Retail and Dark Stores : Brian Ulrich

June 27 - August 22, 2009


STATEMENT:
COPIA

Plenty, a plentiful supply: now chiefly in L. phrase copia verborum abundance of words, a copious vocabulary. Cf. COPY n. 1c.

I.
a. Plenty, abundance, a copious quantity.


b. Fullness, plentitude. Obs.

c. esp. of language: Copiousness, abundance, fullness, richness. copy of words : = L. copia verborum. Obs.

II. A transcript of reproduction of an original.

In 2001 citizens were encouraged to take to the malls to boost the U.S. economy through shopping, thereby equating consumerism with patriotism. The Copia project, a direct response to that advice, is a long-term photographic examination of the peculiarities and complexities of the consumer-dominated culture in which we live. Through large scale photographs taken within both the big-box retail stores and the thrift shops that house our recycled goods, Copia explores not only the everyday activities of shopping, but the economic, cultural, social, and political implications of commercialism and the roles we play in self-destruction, over-consumption, and as targets of marketing and advertising. By scrutinizing these rituals and their environments, I hope that viewers will evaluate the increasing complexities of the modern world and their own role within it.

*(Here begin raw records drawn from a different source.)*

(* Let $\Delta$ be a $K$-dissection diagram on a compact surface $S$, and let $\alpha,\beta$ be two intersecting closed curves on $S$ (transverse to $\Delta$). Let $\gamma$ be the commutator $[\alpha,\beta]$ based at an intersection point of $\alpha$ and $\beta$. Then $\mathrm{effcont}(\gamma)\subseteq[\mathrm{cont}(\alpha),\mathrm{cont}(\beta)]$.
   Context: A $K$-dissection diagram on $(S,\partial S)$: finite collection of essential simple closed curves and properly embedded essential arcs, in minimal position, transversely oriented and labeled by vertices of $K$, curves with equal labels disjoint, intersecting only if labels adjacent. For a loop $\gamma$ and a point $*$ on it, $\phi_*(\gamma)\in A(K)$ is the product of labels of curves/arcs crossed along $\gamma$ from $*$ (exponents $\pm1$ by transverse orientation). $\mathrm{cont}(\gamma)$ is the set of labels crossed by $\gamma$; $\mathrm{rcont}_*(\gamma)$ is the smallest vertex set $V$ with $\phi_*(\gamma)\in A(V)$. Vertex sets $P,Q$ are adjacent if for all $p\in P,q\in Q$, $p=q$ or $p,q$ adjacent. $\mathrm{effcont}(\gamma)$ is the smallest subset $Z\subseteq\mathrm{cont}(\gamma)$ such that $Z\supseteq\mathrm{rcont}_*(\gamma)$ for every point $*\in\gamma$ and $\mathrm{cont}(\gamma)\setminus Z$ is adjacent to $Z$. For vertex sets $U,V$: write $U$ as the join of its anti-components $U_i$ (vertex sets of components of the complement of the induced subgraph on $U$) and likewise $V$; $U''$ is the union of those $U_i$ not adjacent to $V$, $V''$ the union of those $V_j$ not adjacent to $U$, and $[U,V]=U''\cup V''$. *)

theory Defs
  imports Main
begin

text \<open>The graph K: vertices of type 'v (finite), adjacency relation E (symmetric, irreflexive).
  A letter of a word is a pair (vertex, sign), sign True = exponent +1, False = exponent -1.\<close>

type_synonym 'v letter = "'v \<times> bool"

definition inv_word :: "'v letter list \<Rightarrow> 'v letter list" where
  "inv_word w = rev (map (\<lambda>(x, s). (x, \<not> s)) w)"

text \<open>Equality in the right-angled Artin group A(K): the congruence on words generated by
  free cancellation and by commutation of adjacent generators.\<close>

inductive raag_eq :: "('v \<Rightarrow> 'v \<Rightarrow> bool) \<Rightarrow> 'v letter list \<Rightarrow> 'v letter list \<Rightarrow> bool"
  for E where
  refl: "raag_eq E w w"
| sym: "raag_eq E u w \<Longrightarrow> raag_eq E w u"
| trans: "raag_eq E u v \<Longrightarrow> raag_eq E v w \<Longrightarrow> raag_eq E u w"
| cancel: "raag_eq E (p @ [(x, s), (x, \<not> s)] @ q) (p @ q)"
| commute: "E x y \<Longrightarrow> raag_eq E (p @ [(x, s), (y, t)] @ q) (p @ [(y, t), (x, s)] @ q)"

definition in_special :: "('v \<Rightarrow> 'v \<Rightarrow> bool) \<Rightarrow> 'v set \<Rightarrow> 'v letter list \<Rightarrow> bool" where
  "in_special E V w \<longleftrightarrow> (\<exists>w'. raag_eq E w w' \<and> fst ` set w' \<subseteq> V)"

definition rcont :: "('v \<Rightarrow> 'v \<Rightarrow> bool) \<Rightarrow> 'v letter list \<Rightarrow> 'v set" where
  "rcont E w = (THE V. in_special E V w \<and> (\<forall>V'. in_special E V' w \<longrightarrow> V \<subseteq> V'))"

definition cont :: "'v letter list \<Rightarrow> 'v set" where
  "cont w = fst ` set w"

definition adj_sets :: "('v \<Rightarrow> 'v \<Rightarrow> bool) \<Rightarrow> 'v set \<Rightarrow> 'v set \<Rightarrow> bool" where
  "adj_sets E P Q \<longleftrightarrow> (\<forall>p\<in>P. \<forall>q\<in>Q. p = q \<or> E p q)"

text \<open>A transverse loop is recorded by its cyclic sequence of signed crossings w (read from
  some base point). Moving the base point * along the loop (off the diagram) yields exactly
  the cyclic rotations of w, so phi_*(gamma) ranges over the words rotate k w.\<close>

definition effcont_ok :: "('v \<Rightarrow> 'v \<Rightarrow> bool) \<Rightarrow> 'v letter list \<Rightarrow> 'v set \<Rightarrow> bool" where
  "effcont_ok E w Z \<longleftrightarrow> Z \<subseteq> cont w \<and> (\<forall>k. rcont E (rotate k w) \<subseteq> Z)
      \<and> adj_sets E (cont w - Z) Z"

definition effcont :: "('v \<Rightarrow> 'v \<Rightarrow> bool) \<Rightarrow> 'v letter list \<Rightarrow> 'v set" where
  "effcont E w = (THE Z. effcont_ok E w Z \<and> (\<forall>Z'. effcont_ok E w Z' \<longrightarrow> Z \<subseteq> Z'))"

definition nonadj_in :: "('v \<Rightarrow> 'v \<Rightarrow> bool) \<Rightarrow> 'v set \<Rightarrow> 'v \<Rightarrow> 'v \<Rightarrow> bool" where
  "nonadj_in E U x y \<longleftrightarrow> x \<in> U \<and> y \<in> U \<and> x \<noteq> y \<and> \<not> E x y"

definition anticomps :: "('v \<Rightarrow> 'v \<Rightarrow> bool) \<Rightarrow> 'v set \<Rightarrow> 'v set set" where
  "anticomps E U = {{y \<in> U. (nonadj_in E U)\<^sup>*\<^sup>* x y} | x. x \<in> U}"

definition bracket :: "('v \<Rightarrow> 'v \<Rightarrow> bool) \<Rightarrow> 'v set \<Rightarrow> 'v set \<Rightarrow> 'v set" where
  "bracket E U V =
     \<Union>{C \<in> anticomps E U. \<not> adj_sets E C V} \<union> \<Union>{D \<in> anticomps E V. \<not> adj_sets E D U}"

end

theory Submission
  imports Defs
begin

text \<open>Put Z = [cont a, cont b]. Every vertex of cont a \<union> cont b outside Z is adjacent to all of Z
  (an anticomponent of cont a missing from Z is adjacent to cont b, and is joined to every other
  anticomponent of cont a), so in every rotation of the commutator the letters outside Z commute
  past those in Z. The letters outside Z form a rotation of the commutator of the restricted
  words, and these restrictions commute because cont a - Z is adjacent to cont b. Hence every
  rotation lies in A(Z), and Z is admissible for effcont.\<close>

declare raag_eq.trans [trans]

lemma cont_Nil [simp]: "cont [] = {}"
  and cont_Cons [simp]: "cont (l # w) = insert (fst l) (cont w)"
  and cont_append [simp]: "cont (u @ w) = cont u \<union> cont w"
  and cont_rotate [simp]: "cont (rotate k w) = cont w"
  by (auto simp: cont_def)

lemma inv_word_Nil [simp]: "inv_word [] = []"
  by (simp add: inv_word_def)

lemma inv_word_Cons [simp]: "inv_word (l # w) = inv_word w @ [(fst l, \<not> snd l)]"
  by (cases l) (simp add: inv_word_def)

lemma inv_word_append [simp]: "inv_word (u @ w) = inv_word w @ inv_word u"
  by (simp add: inv_word_def)

lemma cont_inv_word [simp]: "cont (inv_word w) = cont w"
  by (induction w) auto

lemma filter_inv_word:
  "filter (\<lambda>l. P (fst l)) (inv_word w) = inv_word (filter (\<lambda>l. P (fst l)) w)"
  by (induction w) auto

lemma adj_sets_mono:
  "adj_sets E P Q \<Longrightarrow> P' \<subseteq> P \<Longrightarrow> Q' \<subseteq> Q \<Longrightarrow> adj_sets E P' Q'"
  unfolding adj_sets_def by blast

lemma raag_eq_append_cong: "raag_eq E u v \<Longrightarrow> raag_eq E (p @ u @ q) (p @ v @ q)"
proof (induction rule: raag_eq.induct)
  case (refl w) then show ?case by (rule raag_eq.refl)
next
  case (sym u w) then show ?case by (blast intro: raag_eq.sym)
next
  case (trans u v w) then show ?case by (blast intro: raag_eq.trans)
next
  case (cancel p' x s q')
  then show ?case using raag_eq.cancel[of E "p @ p'" x s "q' @ q"] by simp
next
  case (commute x y p' s t q')
  then show ?case using raag_eq.commute[of E x y "p @ p'" s t "q' @ q"] by simp
qed

lemma raag_eq_Cons_cong: "raag_eq E u v \<Longrightarrow> raag_eq E (l # u) (l # v)"
  using raag_eq_append_cong[of E u v "[l]" "[]"] by simp

lemma raag_eq_append_right_cong: "raag_eq E u v \<Longrightarrow> raag_eq E (u @ q) (v @ q)"
  using raag_eq_append_cong[of E u v "[]" q] by simp

lemma raag_eq_swap:
  assumes "x = y \<or> E x y"
  shows "raag_eq E ([(x, s), (y, t)] @ q) ([(y, t), (x, s)] @ q)"
proof (cases "E x y \<or> s = t")
  case True
  with assms show ?thesis using raag_eq.commute[of E x y "[]"] by (auto intro: raag_eq.refl)
next
  case False
  with assms have "y = x" "t = (\<not> s)" by auto
  then have "raag_eq E ([(x, s), (y, t)] @ q) q" "raag_eq E ([(y, t), (x, s)] @ q) q"
    using raag_eq.cancel[of E "[]" x s q] raag_eq.cancel[of E "[]" x "\<not> s" q] by auto
  then show ?thesis by (blast intro: raag_eq.sym raag_eq.trans)
qed

lemma raag_eq_Cons_commute:
  "adj_sets E {fst l} (cont w) \<Longrightarrow> raag_eq E (l # w) (w @ [l])"
proof (induction w)
  case Nil then show ?case by (simp add: raag_eq.refl)
next
  case (Cons l' w)
  have "raag_eq E (l # l' # w) (l' # l # w)"
    using raag_eq_swap[of "fst l" "fst l'" E "snd l" "snd l'" w] Cons.prems
    by (simp add: adj_sets_def)
  also have "raag_eq E (l' # l # w) (l' # w @ [l])"
    using Cons by (simp add: raag_eq_Cons_cong adj_sets_def)
  finally show ?case by simp
qed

Copia is composed of several chapters, currently Retail, Thrift, Backrooms and currently Dark Stores, Ghostboxes and Dead Malls. These further document notions of social class, excess, and corporate ideologies. By combining photographs taken candidly with a medium-format film camera outfitted with a waist-level viewfinder, and studied compositions taken with a large format camera in thrift shops, I can capture lost excitement and overwhelmed, subsumed moments. The large-scale prints allow the viewer to stop and notice with a distanced perspective familiar places and things. Over time these images take on new meaning, ones anthropological and historical of an affluent society at the dawn of the 21st century. What we buy and what we use up becomes the evidence of our experience of this time.